What happened was that the types of prop-driven close support aircraft were chosen based on what was available or easiest to restore to flying condition in order to quickly close the gaps and start flying CAS sorties as soon as possible. It was a case of "i need an extra 1000 airframes and i need them yesterday", instead of "i need the best aiframes for the job".
This meant that Mustangs with their sensitive liquid cooled merlins had to run the gauntlet of low level AA and small arms fire.
It's also interesting that Corsairs suffered higher losses than what was expected of an aircraft with a radial engine. The reason was that Corsairs were stripped of certain equipment post-WWII to improve handling and performance. When the first ones were shipped to Korea there was no time to re-install everything, so a lot if not the majority of them entered combat while missing some pieces of equipment.
Among those missing pieces was an armoured ring running around the engine cowling.
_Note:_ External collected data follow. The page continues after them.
text \<open>The sign model: on the values \<open>\<plusminus>\<omega>\<close> it agrees with odd \<open>h\<close>, \<open>g\<close>, but unlike them it is
  Borel measurable.\<close>

abbreviation state :: "nat \<Rightarrow> 'a \<Rightarrow> real \<times> real" where
  "state n s \<equiv> traj \<rho> \<beta> \<epsilon> (\<lambda>v. a * sgn v) (\<lambda>v. b * sgn v) J x0 y0 y1 (\<lambda>i. w i s) n"

lemma integrable_state_fun:
  fixes \<Phi> :: "real \<times> real \<Rightarrow> real"
  assumes [measurable]: "J \<in> borel_measurable borel" "\<Phi> \<in> borel_measurable borel"
  shows "integrable M (\<lambda>s. \<Phi> (state n s))"
  using integrable_noise_prefix_fun[of "\<lambda>V. \<Phi> (traj \<rho> \<beta> \<epsilon> (\<lambda>v. a * sgn v) (\<lambda>v. b * sgn v) J x0 y0 y1 V n)" n]
  by (simp add: traj_restrict)

lemma integrable_state_components:
  assumes "J \<in> borel_measurable borel"
  shows "integrable M (\<lambda>s. fst (state n s))" and "integrable M (\<lambda>s. snd (state n s))"
  by (rule integrable_state_fun[OF assms], simp add: borel_prod[symmetric])+

lemma
  fixes \<Phi> :: "real \<times> real \<Rightarrow> real"
  assumes [measurable]: "J \<in> borel_measurable borel" "\<Phi> \<in> borel_measurable borel"
  shows integrable_state_fun_mult_sgn: "integrable M (\<lambda>s. \<Phi> (state n s) * sgn (w n s))"
    and expectation_state_fun_mult_sgn: "expectation (\<lambda>s. \<Phi> (state n s) * sgn (w n s)) = 0"
  using integrable_noise_prefix_fun_mult_sgn[of "\<lambda>V. \<Phi> (traj \<rho> \<beta> \<epsilon> (\<lambda>v. a * sgn v) (\<lambda>v. b * sgn v) J x0 y0 y1 V n)" n]
    expectation_noise_prefix_fun_mult_sgn[of "\<lambda>V. \<Phi> (traj \<rho> \<beta> \<epsilon> (\<lambda>v. a * sgn v) (\<lambda>v. b * sgn v) J x0 y0 y1 V n)" n]
  by (simp_all add: traj_restrict)
section \<open>Linear differential equations driven on the right\<close>

text \<open>Uniqueness for \<open>x' = x \<otimes> E\<close> with \<open>E\<close> free of constant term: the system is triangular in
  the word length, so the coefficients are determined one length at a time.\<close>

lemma conc_ode_unique:
  fixes f g :: "real \<Rightarrow> 'a series"
  assumes "convex S" "finite K" "c \<in> S" "f c = g c"
    and "\<And>w. continuous_on S (\<lambda>t. f t w)" "\<And>w. continuous_on S (\<lambda>t. g t w)"
    and f': "\<And>t w. t \<in> S - K \<Longrightarrow> ((\<lambda>t. f t w) has_real_derivative conc (f t) (E t) w) (at t within S)"
    and g': "\<And>t w. t \<in> S - K \<Longrightarrow> ((\<lambda>t. g t w) has_real_derivative conc (g t) (E t) w) (at t within S)"
    and E: "\<And>t. t \<in> S - K \<Longrightarrow> E t [] = 0"
  shows "t \<in> S \<Longrightarrow> f t w = g t w"
proof (induction "length w" arbitrary: w t rule: less_induct)
  case less
  have zero_deriv: "((\<lambda>t. f t w - g t w) has_derivative (\<lambda>h. 0)) (at t within S)" if t: "t \<in> S - K" for t
  proof -
    have "conc (f t) (E t) w - conc (g t) (E t) w
        = (\<Sum>k\<le>length w. (f t (take k w) - g t (take k w)) * E t (drop k w))"
      unfolding conc_def by (simp add: sum_subtractf left_diff_distrib)
    also have "\<dots> = 0"
    proof (intro sum.neutral ballI)
      fix k
      assume "k \<in> {..length w}"
      then consider "k = length w" | "length (take k w) < length w"
        by fastforce
      then show "(f t (take k w) - g t (take k w)) * E t (drop k w) = 0"
        by cases (use E[OF t] less.hyps t in auto)
    qed
    finally have "((\<lambda>t. f t w - g t w) has_real_derivative 0) (at t within S)"
      using DERIV_diff[OF f'[OF t, of w] g'[OF t, of w]] by simp
    then show ?thesis
      by (simp add: has_field_derivative_def lambda_zero)
  qed
  have "f t w - g t w = 0"
  proof (rule has_derivative_zero_unique_strong_convex[where f = "\<lambda>t. f t w - g t w"])
    show "convex S" "finite K" "c \<in> S"
      by fact+
    show "continuous_on S (\<lambda>t. f t w - g t w)"
      by (intro continuous_on_diff assms(5,6))
  qed (use \<open>f c = g c\<close> zero_deriv less.prems in auto)
  then show ?case
    by simp
qed
(* Let $H$ be a nonlocal vertex bialgebra and let $V$ be a nonlocal vertex $H$-module-algebra. Then for all $h,h'\in H$ and $v\in V$, $$Y(h,z+x)Y(h',z)v=Y(Y(h,x)h',z)v,$$ where $Y(h,z+x)$ is expanded in nonnegative powers of $x$.
   Context: All vector spaces are over $\mathbb{C}$. A nonlocal vertex algebra is a vector space $V$ with a linear map $Y(\cdot,x):V\to \mathrm{Hom}(V,V((x)))$, $v\mapsto Y(v,x)=\sum_{n\in\mathbb Z}v_nx^{-n-1}$, and a vector $\mathbf 1\in V$ such that for all $v$: $Y(\mathbf 1,x)v=v$, $Y(v,x)\mathbf 1\in V[[x]]$, $\lim_{x\to0}Y(v,x)\mathbf 1=v$; and for all $u,v,w$ there is $k\ge0$ with $(x_0+x_2)^kY(u,x_0+x_2)Y(v,x_2)w=(x_0+x_2)^kY(Y(u,x_0)v,x_2)w$. A module over a nonlocal vertex algebra $H$ is a vector space $W$ with a linear map $Y_W(\cdot,x):H\to\mathrm{Hom}(W,W((x)))$ such that $Y_W(\mathbf 1,x)=1_W$ and for $a,b\in H$, $w\in W$ there is $l\ge0$ with $(x_0+x_2)^lY_W(a,x_0+x_2)Y_W(b,x_2)w=(x_0+x_2)^lY_W(Y(a,x_0)b,x_2)w$. Binomial expressions $f(x_1\pm x_2)$ are expanded in nonnegative powers of the second variable. A nonlocal vertex bialgebra is a nonlocal vertex algebra $H$ with a coalgebra structure $(\Delta,\varepsilon)$ such that $\Delta:H\to H\otimes H$ and $\varepsilon:H\to\mathbb C$ are homomorphisms of nonlocal vertex algebras ($H\otimes H$ with the tensor product structure $Y(a\otimes b,x)(a'\otimes b')=Y(a,x)a'\otimes Y(b,x)b'$, $\mathbb C$ with $Y(1,x)=1$): $\varepsilon(\mathbf 1)=1$, $\varepsilon(Y(h,x)h')=\varepsilon(h)\varepsilon(h')$, $\Delta(\mathbf 1)=\mathbf 1\otimes\mathbf 1$, $\Delta(Y(h,x)h')=Y(\Delta(h),x)\Delta(h')$. Write $\Delta(h)=\sum h^{(1)}\otimes h^{(2)}$. A nonlocal vertex $H$-module-algebra is a nonlocal vertex algebra $V$ with an $H$-module structure (vertex operators denoted $Y(h,x)$) such that for $h\in H$, $u,v\in V$: $Y(h,x)v\in V\otimes\mathbb C((x))$ (a finite sum $\sum_i v_i f_i(x)$), $Y(h,x)\mathbf 1=\varepsilon(h)\mathbf 1$, and $Y(h,x)Y(u,z)v=\sum Y(Y(h^{(1)},x-z)u,z)Y(h^{(2)},x)v$. *)

theory Defs
  imports Complex_Main "HOL-Library.Groups_Big_Fun"
begin

text \<open>A vector space over the complex numbers is a type 'a :: ab_group_add together with a scalar
  multiplication s :: complex => 'a => 'a satisfying Vector_Spaces.vector_space s.
  A vertex operator Y(a,x) = sum_n a_n x^(-n-1) is encoded by its modes: Y a n b = a_n b.
  A two-variable series is encoded by its coefficient function F p q (coefficient of
  x0^p x2^q, or x^p z^q).
  Elements of tensor products H (x) H (resp. H (x) H (x) H) are represented by finite lists of
  pairs (resp. triples); two such tensors are equal iff they agree under all pairings
  with products of linear functionals H -> C.\<close>

definition lin_fun :: "(complex \<Rightarrow> 'a::ab_group_add \<Rightarrow> 'a) \<Rightarrow> ('a \<Rightarrow> complex) \<Rightarrow> bool" where
  "lin_fun s f \<longleftrightarrow> Vector_Spaces.linear s ((*) :: complex \<Rightarrow> complex \<Rightarrow> complex) f"

definition pair2 :: "('a \<Rightarrow> complex) \<Rightarrow> ('a \<Rightarrow> complex) \<Rightarrow> ('a \<times> 'a) list \<Rightarrow> complex" where
  "pair2 f g xs = (\<Sum>(a, b)\<leftarrow>xs. f a * g b)"

definition truncated :: "('a \<Rightarrow> int \<Rightarrow> 'w::zero \<Rightarrow> 'w) \<Rightarrow> bool" where
  "truncated Y \<longleftrightarrow> (\<forall>a w. \<exists>N. \<forall>n\<ge>N. Y a n w = 0)"

definition bilinear_modes ::
  "(complex \<Rightarrow> 'a::ab_group_add \<Rightarrow> 'a) \<Rightarrow> (complex \<Rightarrow> 'w::ab_group_add \<Rightarrow> 'w)
     \<Rightarrow> ('a \<Rightarrow> int \<Rightarrow> 'w \<Rightarrow> 'w) \<Rightarrow> bool" where
  "bilinear_modes sA sW Y \<longleftrightarrow>
     (\<forall>n w. Vector_Spaces.linear sA sW (\<lambda>a. Y a n w)) \<and>
     (\<forall>n a. Vector_Spaces.linear sW sW (\<lambda>w. Y a n w))"

text \<open>Coefficient of x0^p x2^q in Y_W(u,x0+x2) Y_W(v,x2) w, where
  (x0+x2)^(-n-1) is expanded in nonnegative powers of x2: the term with x2^i of
  (x0+x2)^(-n-1) contributes to x0^p exactly when n = -p-1-i, with binomial (p+i choose i).\<close>
definition prod_coeff ::
  "(complex \<Rightarrow> 'w::ab_group_add \<Rightarrow> 'w) \<Rightarrow> ('a \<Rightarrow> int \<Rightarrow> 'w \<Rightarrow> 'w) \<Rightarrow> 'a \<Rightarrow> 'a \<Rightarrow> 'w
     \<Rightarrow> int \<Rightarrow> int \<Rightarrow> 'w" where
  "prod_coeff s YW u v w p q =
     Sum_any (\<lambda>i::nat. s ((of_int (- (- p - 1 - int i) - 1) :: complex) gchoose i)
                         (YW u (- p - 1 - int i) (YW v (int i - q - 1) w)))"

text \<open>Coefficient of x0^p x2^q in Y_W(Y(u,x0)v, x2) w.\<close>
definition iter_coeff ::
  "('a \<Rightarrow> int \<Rightarrow> 'a \<Rightarrow> 'a) \<Rightarrow> ('a \<Rightarrow> int \<Rightarrow> 'w \<Rightarrow> 'w) \<Rightarrow> 'a \<Rightarrow> 'a \<Rightarrow> 'w
     \<Rightarrow> int \<Rightarrow> int \<Rightarrow> 'w" where
  "iter_coeff Y YW u v w p q = YW (Y u (- p - 1) v) (- q - 1) w"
Radials are powerful, reliable, durable and all that jazz, but still need oil to work. Well, the main oil lines in the Corsairs were running around the cowling and the lack of the armoured cowling ring made them one of the most vulnerable parts of the airframe. A big WWII-era radial could still function with entire cylinders blown off as long as it had lubrication, but if there's no oil everything grinds to a halt through friction sooner or later.
In practical terms what his means is that as the Corsair is diving towards the target and going head-on through the flak, all it would take was a few bits of lucky shrapnel that might not even scratch the engine block, but they could certainly puncture the oil line and force a mission abort.